Government-backed financing schemes

  • A Growth Guarantee Scheme (GGS) offers a guarantee premium, which is typically a percentage of the amount that varies based on the lender and guarantee period.
  • Interest rates are determined by the lender, but the guarantee can enable businesses to secure more favourable rates.
  • Repayment terms and early repayment penalties vary based on the lender.
  • Your business (together with your business group, if applicable) must generate more than 50% of its turnover from trading activity in the UK (i.e., the sale of goods or services).

Start-up loans

  • Start-up loans have no upfront fees, and the interest rate is typically fixed (around 6% per annum).
  • There are no early repayment penalties, and fixed monthly repayments vary from one to five years. These can be advantageous as they have lower interest rates than many other options, however, there are very strict eligibility criteria, and it often involves a slow, offline process.
  • It’s important to note that these are personal loans, not business loans.
  • Amount is capped at £25,000 per applicant, and if multiple business partners are each applying for a loan for the same business, a maximum of £100,000 may be lent to that business in its lifetime.

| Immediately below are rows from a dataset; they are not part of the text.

lemma period_L1_le_add_norm: "period_L1 F \<le> period_L1 G + 2 * pi * norm (F - G)"
proof -
  have "period_L1 F \<le> integral {-pi..pi} (\<lambda>x. \<bar>G x\<bar> + norm (F - G))"
    unfolding period_L1_def
  proof (rule Henstock_Kurzweil_Integration.integral_le)
    fix x
    have "\<bar>F x - G x\<bar> \<le> norm (F - G)" using norm_bounded[of "F - G" x] by simp
    then show "\<bar>F x\<bar> \<le> \<bar>G x\<bar> + norm (F - G)" by linarith
  qed (auto intro!: integrable_continuous_real continuous_intros)
  also have "\<dots> = period_L1 G + 2 * pi * norm (F - G)"
    unfolding period_L1_def
    by (subst Henstock_Kurzweil_Integration.integral_add)
       (auto intro!: integrable_continuous_real continuous_intros)
  finally show ?thesis .
qed

locale upwind_flow =
  fixes e M :: real and U Y Y' :: "real \<Rightarrow> (real \<Rightarrow>\<^sub>C real)"
  assumes e_pos: "e > 0" and M_pos: "M > 0"
    and U_bound: "\<And>t x. t \<ge> 0 \<Longrightarrow> \<bar>U t x\<bar> \<le> M"
    and U_periodic: "\<And>t x. t \<ge> 0 \<Longrightarrow> U t (x + 2 * pi) = U t x"
    and Y_deriv: "\<And>t. t \<ge> 0 \<Longrightarrow> (Y has_vector_derivative Y' t) (at t within {0..})"
    and Y'_eq: "\<And>t x. t \<ge> 0 \<Longrightarrow> Y' t x = upwind e (U t) (Y t) x"
    and Y0_periodic: "\<And>x. Y 0 (x + 2 * pi) = Y 0 x"
begin

lemma Y_periodic:
  assumes t: "t \<ge> 0"
  shows "Y t (x + 2 * pi) = Y t x"
proof -
  define Z where "Z s = bcontfun_shift (2 * pi) (Y s) - Y s" for s
  define Z' where "Z' s = bcontfun_shift (2 * pi) (Y' s) - Y' s" for s
  have der: "(Z has_vector_derivative Z' s) (at s within {0..})" if "s \<ge> 0" for s
    unfolding Z_def Z'_def
    by (intro has_vector_derivative_diff bounded_linear.has_vector_derivative[OF
          bounded_linear_bcontfun_shift] Y_deriv that)
  have bound: "norm (Z' s) \<le> 3 * M / e * norm (Z s)" if s: "s \<ge> 0" for s
  proof (rule norm_bound)
    fix x
    have "Z' s x = Y' s (x + 2 * pi) - Y' s x"
      by (simp add: Z'_def)
    also have "\<dots> = upwind e (U s) (Y s) (x + 2 * pi) - upwind e (U s) (Y s) x"
      by (simp only: Y'_eq[OF s])
    also have "\<dots> = upwind e (U s) (\<lambda>z. Y s (z + 2 * pi) - Y s z) x"
      using U_periodic[OF s] by (rule upwind_periodic_diff)
    also have "(\<lambda>z. Y s (z + 2 * pi) - Y s z) = Z s"
      by (rule ext) (simp add: Z_def)
    finally show "norm (Z' s x) \<le> 3 * M / e * norm (Z s)"
      using upwind_abs_le[OF e_pos U_bound[OF s], where y="apply_bcontfun (Z s)" and B="norm (Z s)"]
        norm_bounded[of "Z s"] by simp
  qed
  have Z0: "Z 0 = 0" by (rule bcontfun_eqI) (simp add: Z_def Y0_periodic)
  have K: "3 * M / e \<ge> 0" using e_pos M_pos by simp
  have "Z t = 0" by (rule vanishes_of_derivative_norm_bound[OF der K bound Z0 t])
  then have "Z t x = 0" by simp
  then show ?thesis by (simp add: Z_def)
qed

lemma period_L1_le_initial:
  assumes t: "t \<ge> 0"
  shows "period_L1 (Y t) \<le> period_L1 (Y 0)"
proof -
  have euler: "\<exists>h\<^sub>0>0. \<forall>h. 0 < h \<and> h < h\<^sub>0 \<longrightarrow>
      period_L1 (Y s + h *\<^sub>R Y' s) \<le> period_L1 (Y s) + h * 0 * (period_L1 (Y s) - period_L1 (Y 0))"
    if s: "s \<ge> 0" for s
  proof -
    have "period_L1 (Y s + h *\<^sub>R Y' s) \<le> period_L1 (Y s)" if h: "0 < h" "h < e / M" for h
    proof -
      have "period_L1 (Y s + h *\<^sub>R Y' s)
          = integral {-pi..-pi + 2 * pi} (\<lambda>x. \<bar>Y s x + h * upwind e (U s) (Y s) x\<bar>)"
        by (simp add: period_L1_def Y'_eq[OF s])
      also have "\<dots> \<le> integral {-pi..-pi + 2 * pi} (\<lambda>x. \<bar>Y s x\<bar>)"
        using h e_pos M_pos Y_periodic[OF s] U_periodic[OF s] U_bound[OF s]
        by (intro integral_abs_upwind_euler_step_le) (auto simp: field_simps)
      finally show ?thesis by (simp add: period_L1_def)
    qed
    then show ?thesis using e_pos M_pos by (intro exI[of _ "e / M"]) auto
  qed
  have two_pi: "(0::real) < 2 * pi" by simp
  show ?thesis
    by (rule le_initial_of_euler_step_bound[OF Y_deriv two_pi period_L1_le_add_norm order_refl euler t])
qed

Understanding which type of funding suits you best starts with knowing what fees come with it, which can also help you avoid potential risks, disputes and even legal troubles.

What can I expect from eBay Seller Capital funding options?

If you’re an online seller, you may benefit from the eBay Seller Capital programme, which can be easier to navigate thanks to its transparent, streamlined application process. eBay Seller Capital connects you with trusted lenders best equipped to meet the needs of eBay sellers.

If you take out a Business Cash Advance, financed by YouLend, you won’t be charged for origination, late or early payment fees. There is only a one-off, pre-agreed fee based on the financing amount. The terms of financing, including applicable fees, are set by YouLend, and the details are outlined in your agreement. We recommend reviewing the terms and conditions of your financing agreement before agreeing. There are no interest rates—you will only be charged a single fixed fee, so you know exactly what you will pay up front. Payment terms are pre-agreed on a percentage of daily gross sales. This is determined during the application process and typically ranges from 10-30%.

There are never any late fees—if your repayment performance is below expectation, YouLend will arrange alternative payment options that are better suited to your business.

Make smarter funding decisions to help you grow

Whether you’re replenishing inventory, expanding your small business or simply trying to secure extra cash, knowing the details will help you choose the right financing methods with confidence. The more informed you are, the better your chances of making business decisions that strengthen your long-term growth.